Автор убедительно пишет о счастье, а герою удается все - и в творчестве, и в любви. Эта идея эксплицирована в романе. Дар - это и есть счастье. "Практическое руководство, как быть счастливым". Его дар - это творчество, умение побеждать время, запечатлевать мгновения. Роман о творчестве, и его можно поставить в типологический ряд в рус лит (~жизнь арсеньева бунина, путешествия глеба). Но отличие в том, что вся ткань романа - это явление творчества, и это связано с авторефлексией автора: Набоков включает читателя в процесс творчества писателя. Аналогии к Дару: Булгаков "МиМ" - включение романа в роман, сатирическое изображение зарубежной элиты, истинность призвания героя-художника утверждается высшей санкцией (характеристика отца), мотив фаустианский (черный пудель); "Доктор Живаго" Пастернак - о поэте, о художнике, длиннейшие отступления о поэтике пушкина, в 17 главе стихи поэта. Единые закономерности развития большой рус литературе. И Дар, и МиМ - это большие романы, в которых можно говорить о метаромане, романы, которые осознают свою литературность.
Роман насквозь литературен. Начиная с эпиграфа - грамматическая парадигма, где литература как феномен языка, уже с эпиграфа погружает в феномен языка, язык как дом бытия. Словесные тропы, языковые фигуры. Реалистичность переводится в текстовые реалии. Каждое явление опрокидывается в язык, обнажая свой текстовый статус.

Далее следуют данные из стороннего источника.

lemma G_eucl: "g \<in> G \<Longrightarrow> g \<in> eucl d" using esubgroup_eucl[OF G_subgroup] .
lemma G_eid: "eid d \<in> G" using esubgroup_eid[OF G_subgroup] .
lemma G_emult: "g \<in> G \<Longrightarrow> h \<in> G \<Longrightarrow> emult g h \<in> G" using esubgroup_emult[OF G_subgroup] .
lemma G_einv: "g \<in> G \<Longrightarrow> einv g \<in> G" using esubgroup_einv[OF G_subgroup] .
lemma G_epow: "g \<in> G \<Longrightarrow> epow d g k \<in> G" using esubgroup_epow[OF G_subgroup] .
lemma G_rot_carrier: "g \<in> G \<Longrightarrow> rot g \<in> carrier_mat d d"
  using G_eucl eucl_rot orth_group_carrier by blast
lemma G_assoc: "g \<in> G \<Longrightarrow> h \<in> G \<Longrightarrow> k \<in> G \<Longrightarrow> emult (emult g h) k = emult g (emult h k)"
  using emult_assoc G_eucl by blast
lemma G_eid_left: "g \<in> G \<Longrightarrow> emult (eid d) g = g" using emult_eid_left G_eucl by blast
lemma G_eid_right: "g \<in> G \<Longrightarrow> emult g (eid d) = g" using emult_eid_right G_eucl by blast
lemma G_einv_left: "g \<in> G \<Longrightarrow> emult (einv g) g = eid d" using emult_einv_left G_eucl by blast
lemma G_einv_right: "g \<in> G \<Longrightarrow> emult g (einv g) = eid d" using emult_einv_right G_eucl by blast
lemma G_einv_einv: "g \<in> G \<Longrightarrow> einv (einv g) = g" using einv_einv G_eucl by blast
lemma G_emult_einv_cancel: "g \<in> G \<Longrightarrow> h \<in> G \<Longrightarrow> emult g (emult (einv g) h) = h"
  using G_assoc[of g "einv g" h] G_einv G_einv_right G_eid_left by simp
lemma G_eact_emult: "g \<in> G \<Longrightarrow> h \<in> G \<Longrightarrow> x \<in> carrier_vec d \<Longrightarrow> eact (emult g h) x = eact g (eact h x)"
  using eact_emult G_eucl by blast

lemma orbit_carrier: "g \<in> G \<Longrightarrow> eact g x0 \<in> carrier_vec d"
  using eact_carrier G_eucl x0_carrier by blast
lemma offset_carrier: "g \<in> G \<Longrightarrow> offset g \<in> carrier_vec d"
  using orbit_carrier x0_carrier by simp
lemma eact_eid_x0: "eact (eid d) x0 = x0"
  using eact_eid x0_carrier by blast
lemma offset_eid: "offset (eid d) = 0\<^sub>v d"
  using x0_carrier by (intro eq_vecI) (auto simp: eact_eid_x0)
lemma offset_head_zero: "g \<in> G \<Longrightarrow> l < d3 \<Longrightarrow> offset g $ l = 0"
  using orbit_head_zero[of g l] orbit_head_zero[OF G_eid, of l] orbit_carrier x0_carrier
  by (simp add: eact_eid_x0)

lemma offset_emult: 
  assumes g: "g \<in> G" and h: "h \<in> G"
  shows "offset (emult g h) = offset g + rot g *\<^sub>v offset h"
proof -
  have "rot g *\<^sub>v offset h = rot g *\<^sub>v eact h x0 - rot g *\<^sub>v x0"
    using G_rot_carrier[OF g] orbit_carrier[OF h] x0_carrier by (simp add: mult_minus_distrib_mat_vec)
  then show ?thesis
    using G_eact_emult[OF g h x0_carrier] G_rot_carrier[OF g] orbit_carrier[OF h] x0_carrier
      eucl_snd_carrier[OF G_eucl[OF g]]
    by (intro eq_vecI) (auto simp: eact_def rot_def)
qed

lemma G_dsum_form:
  assumes "g \<in> G"
  obtains A B b where "g = dsum d1 d2 A (B, b)" "(B, b) \<in> S"
    "A \<in> carrier_mat d1 d1" "B \<in> carrier_mat d2 d2" "b \<in> carrier_vec d2"
proof -
  obtain A s where "g = dsum d1 d2 A s" "A \<in> orth_group d1" "s \<in> S" using G_sub assms by blast
  moreover have "fst s \<in> carrier_mat d2 d2" "snd s \<in> carrier_vec d2"
    using esubgroup_eucl[OF S_subgroup \<open>s \<in> S\<close>] eucl_fst_carrier eucl_snd_carrier by auto
  ultimately show ?thesis using that orth_group_carrier by (metis prod.collapse)
qed

lemma T_dsum_form:
  assumes "t \<in> T"
  obtains A b where "t = dsum d1 d2 A (1\<^sub>m d2, b)" "A \<in> carrier_mat d1 d1" "b \<in> carrier_vec d2"
    "(1\<^sub>m d2, b) \<in> transl_sub d2 S"
proof -
  obtain A B b where g: "t = dsum d1 d2 A (B, b)" "A \<in> carrier_mat d1 d1" "B \<in> carrier_mat d2 d2"
    "b \<in> carrier_vec d2"
    using G_dsum_form T_sub assms by blast
  have "eproj d1 d2 t \<in> transl_sub d2 S" using T_bij assms by (auto simp: bij_betw_def)
  moreover have "eproj d1 d2 t = (B, b)" using g eproj_dsum by simp
  ultimately have "B = 1\<^sub>m d2" "(B, b) \<in> transl_sub d2 S" by (auto simp: transl_sub_def rot_def)
  then show ?thesis using g that by blast
qed

lemma offset_dsum_transl_tail:
  assumes A: "A \<in> carrier_mat d1 d1" and b: "b \<in> carrier_vec d2" and j: "j < d2"
  shows "offset (dsum d1 d2 A (1\<^sub>m d2, b)) $ (d1 + j) = b $ j"
proof -
  have x0: "x0 = vec_first x0 d1 @\<^sub>v vec_last x0 d2" "vec_first x0 d1 \<in> carrier_vec d1"
    "vec_last x0 d2 \<in> carrier_vec d2"
    using x0_carrier d_def by (auto simp: vec_first_last_append)
  have "fst (dsum d1 d2 A (1\<^sub>m d2, b)) *\<^sub>v x0 = A *\<^sub>v vec_first x0 d1 @\<^sub>v vec_last x0 d2"
    using dsum_mult_append[OF A one_carrier_mat x0(2,3)] x0(3) by (simp flip: x0(1))
  then show ?thesis
    using A b j x0_carrier d_def by (simp add: eact_def dsum_def vec_last_def)
qed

Мир - это прекрасное произведение. Роман насыщен лит пародиями: А. Белый (капустный гекзаметр автора Москвы и Петербурга), Адамович, Ходасевич (~Кончеев), Чернышевский, Илья Оренбург, массы размышлений о литературе, литературная полемика. Кроме того, в романе важны двойники героя, иногда очень неожиданные (~Ширин - лишенный благодати чувственного познания, слеп как Гомер, глух как Бетховен, и глуп как бетон; живущий только своим воображением, и не живущий в мире; ~ Владимиров - англоманство, теннис, лицо как автопортрет; ~Романов - близок к Фердинанду, живописец, описывает его картины; странная прекрасная и все же ядовитая живопись).
Роман строится как цепь произведений самого героя. В первой главе описывается очень подробно первая книга стихов, вторая глава - это ненаписанный роман об отце; третья глава - стихи о Зине; рецензия Христофорова на книгу Кончеева, замысел романа о Чернышевском; четвертая глава - роман о Ч; пятая глава - рецензии на роман, пародия на роман Ширина, изложение замысла нового романа (когда дочитываем, понимаем, что это и есть то самое произведение).
Первые абзацы романа - описание типичного русского романа, и Н пародирует это, как в толстом романе, написанном по старинке. Коробочка в коробочке; матрешка. Он весь посвящен этому - как работает мир. Метафора ткани появляется многократно. Но мы видим изнанку этого ковра, и где то есть лицевая сторона. Время - как то, что можно увидеть целиком. Он погружает нас внутрь творчества.
Чем достигается? Динамика, любовный сюжет. Творчеством движет эрос, и любовь к Зине - муза, и героиня, в которую герой влюблен. Метафора ковра связана с текстом как тканью. Мир как текст, и художник сотворец этому миру.
Не очевидная сюжетная линия: сюжет, которой можно было бы назвать испытанием дара на подлинность, как отличить себя от Фердинанда, копия-оригинал, и своим романом он решает эту проблему. Миф о писателе, который обманывает читателя (~доктор Фаустус). Тема подлинника и копии пронизывает весь роман. И логику развития культуры Н ощущал (новое время создало мир копий, где грань между реальным и ирреальным практически стирается).
Что удостоверяет подлинность дара? Только то, что он может быть получен свыше - стушевано поданная тема инициации, посвящение в творчество (детские главы, тема отца, пещерные мотивы - архитепическая схема посвящения в пророка, видение о карандаше, уровень полувидений; и сцена с отцом, который удостоверяет его дар). Линия утверждения подлинности и самого себя как художника. Роман писателя, который осознает себя вполне.